-- Opening Marker --
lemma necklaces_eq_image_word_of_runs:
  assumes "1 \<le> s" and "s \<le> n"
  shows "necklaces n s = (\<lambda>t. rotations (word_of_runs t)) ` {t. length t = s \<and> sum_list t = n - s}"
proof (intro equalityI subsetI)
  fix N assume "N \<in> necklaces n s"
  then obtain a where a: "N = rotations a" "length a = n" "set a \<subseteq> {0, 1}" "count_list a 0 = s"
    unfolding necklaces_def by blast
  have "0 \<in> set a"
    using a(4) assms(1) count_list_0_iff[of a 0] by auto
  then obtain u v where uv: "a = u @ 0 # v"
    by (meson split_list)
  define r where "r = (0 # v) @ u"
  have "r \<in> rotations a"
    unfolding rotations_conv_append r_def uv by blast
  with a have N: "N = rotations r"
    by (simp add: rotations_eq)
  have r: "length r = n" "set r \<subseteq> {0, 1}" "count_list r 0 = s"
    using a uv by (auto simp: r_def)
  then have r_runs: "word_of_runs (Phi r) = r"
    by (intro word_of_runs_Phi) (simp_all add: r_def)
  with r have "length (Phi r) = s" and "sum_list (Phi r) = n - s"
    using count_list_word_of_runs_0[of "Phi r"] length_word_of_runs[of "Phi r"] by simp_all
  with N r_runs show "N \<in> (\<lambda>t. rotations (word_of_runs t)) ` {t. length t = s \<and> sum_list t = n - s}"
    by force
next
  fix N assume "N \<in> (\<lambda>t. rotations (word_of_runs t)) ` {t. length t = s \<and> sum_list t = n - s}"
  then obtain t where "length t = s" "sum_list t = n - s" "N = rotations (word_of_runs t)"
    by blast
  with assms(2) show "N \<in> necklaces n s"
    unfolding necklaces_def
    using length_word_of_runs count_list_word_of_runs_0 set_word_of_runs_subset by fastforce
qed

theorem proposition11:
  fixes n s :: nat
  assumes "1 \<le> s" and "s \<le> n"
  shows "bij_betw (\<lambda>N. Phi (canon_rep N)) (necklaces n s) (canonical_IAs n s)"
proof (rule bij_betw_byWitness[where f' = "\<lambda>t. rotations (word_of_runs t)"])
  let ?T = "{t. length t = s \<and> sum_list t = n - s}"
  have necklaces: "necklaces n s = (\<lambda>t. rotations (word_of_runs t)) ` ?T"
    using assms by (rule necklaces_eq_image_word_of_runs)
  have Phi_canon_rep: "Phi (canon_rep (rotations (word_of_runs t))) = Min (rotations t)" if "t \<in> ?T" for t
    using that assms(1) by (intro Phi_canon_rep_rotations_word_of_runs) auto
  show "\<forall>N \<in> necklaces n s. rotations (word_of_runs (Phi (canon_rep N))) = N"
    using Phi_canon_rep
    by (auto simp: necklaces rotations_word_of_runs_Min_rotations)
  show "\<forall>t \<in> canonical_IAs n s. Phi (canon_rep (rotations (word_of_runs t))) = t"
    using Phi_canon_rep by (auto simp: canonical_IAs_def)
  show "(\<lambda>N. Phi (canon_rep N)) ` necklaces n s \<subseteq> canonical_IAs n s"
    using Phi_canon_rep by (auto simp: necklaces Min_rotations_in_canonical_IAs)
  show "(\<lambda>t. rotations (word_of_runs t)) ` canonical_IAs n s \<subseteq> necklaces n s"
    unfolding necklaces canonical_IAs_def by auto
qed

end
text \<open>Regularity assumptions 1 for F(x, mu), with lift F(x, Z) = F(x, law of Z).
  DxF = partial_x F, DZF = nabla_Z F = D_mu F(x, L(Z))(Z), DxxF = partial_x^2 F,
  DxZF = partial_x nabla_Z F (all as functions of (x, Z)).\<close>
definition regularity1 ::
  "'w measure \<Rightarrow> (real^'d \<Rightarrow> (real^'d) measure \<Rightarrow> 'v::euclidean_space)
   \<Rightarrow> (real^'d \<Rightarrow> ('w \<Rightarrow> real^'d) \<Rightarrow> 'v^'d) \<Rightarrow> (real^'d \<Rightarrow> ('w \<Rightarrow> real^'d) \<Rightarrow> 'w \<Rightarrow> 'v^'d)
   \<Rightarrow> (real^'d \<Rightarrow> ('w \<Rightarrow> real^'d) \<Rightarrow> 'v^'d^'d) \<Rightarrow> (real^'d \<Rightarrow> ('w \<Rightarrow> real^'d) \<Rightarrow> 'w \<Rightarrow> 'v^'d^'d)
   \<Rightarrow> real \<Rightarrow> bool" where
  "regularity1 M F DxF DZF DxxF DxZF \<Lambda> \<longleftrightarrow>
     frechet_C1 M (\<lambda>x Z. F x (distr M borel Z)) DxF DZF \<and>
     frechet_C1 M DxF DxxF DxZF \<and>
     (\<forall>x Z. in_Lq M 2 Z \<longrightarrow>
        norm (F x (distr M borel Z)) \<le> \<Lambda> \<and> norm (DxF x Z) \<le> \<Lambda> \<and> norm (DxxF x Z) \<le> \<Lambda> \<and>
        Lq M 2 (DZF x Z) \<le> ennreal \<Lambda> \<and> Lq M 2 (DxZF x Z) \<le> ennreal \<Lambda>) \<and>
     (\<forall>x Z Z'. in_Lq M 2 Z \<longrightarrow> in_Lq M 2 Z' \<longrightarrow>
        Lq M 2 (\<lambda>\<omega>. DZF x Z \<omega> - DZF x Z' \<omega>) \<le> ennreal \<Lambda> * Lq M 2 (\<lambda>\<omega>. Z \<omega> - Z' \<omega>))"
-- Closing Marker --
Work through the records above. Copy every line with the string "shows".

Solution to the exercise:
  shows "necklaces n s = (\<lambda>t. rotations (word_of_runs t)) ` {t. length t = s \<and> sum_list t = n - s}"
  shows "bij_betw (\<lambda>N. Phi (canon_rep N)) (necklaces n s) (canonical_IAs n s)"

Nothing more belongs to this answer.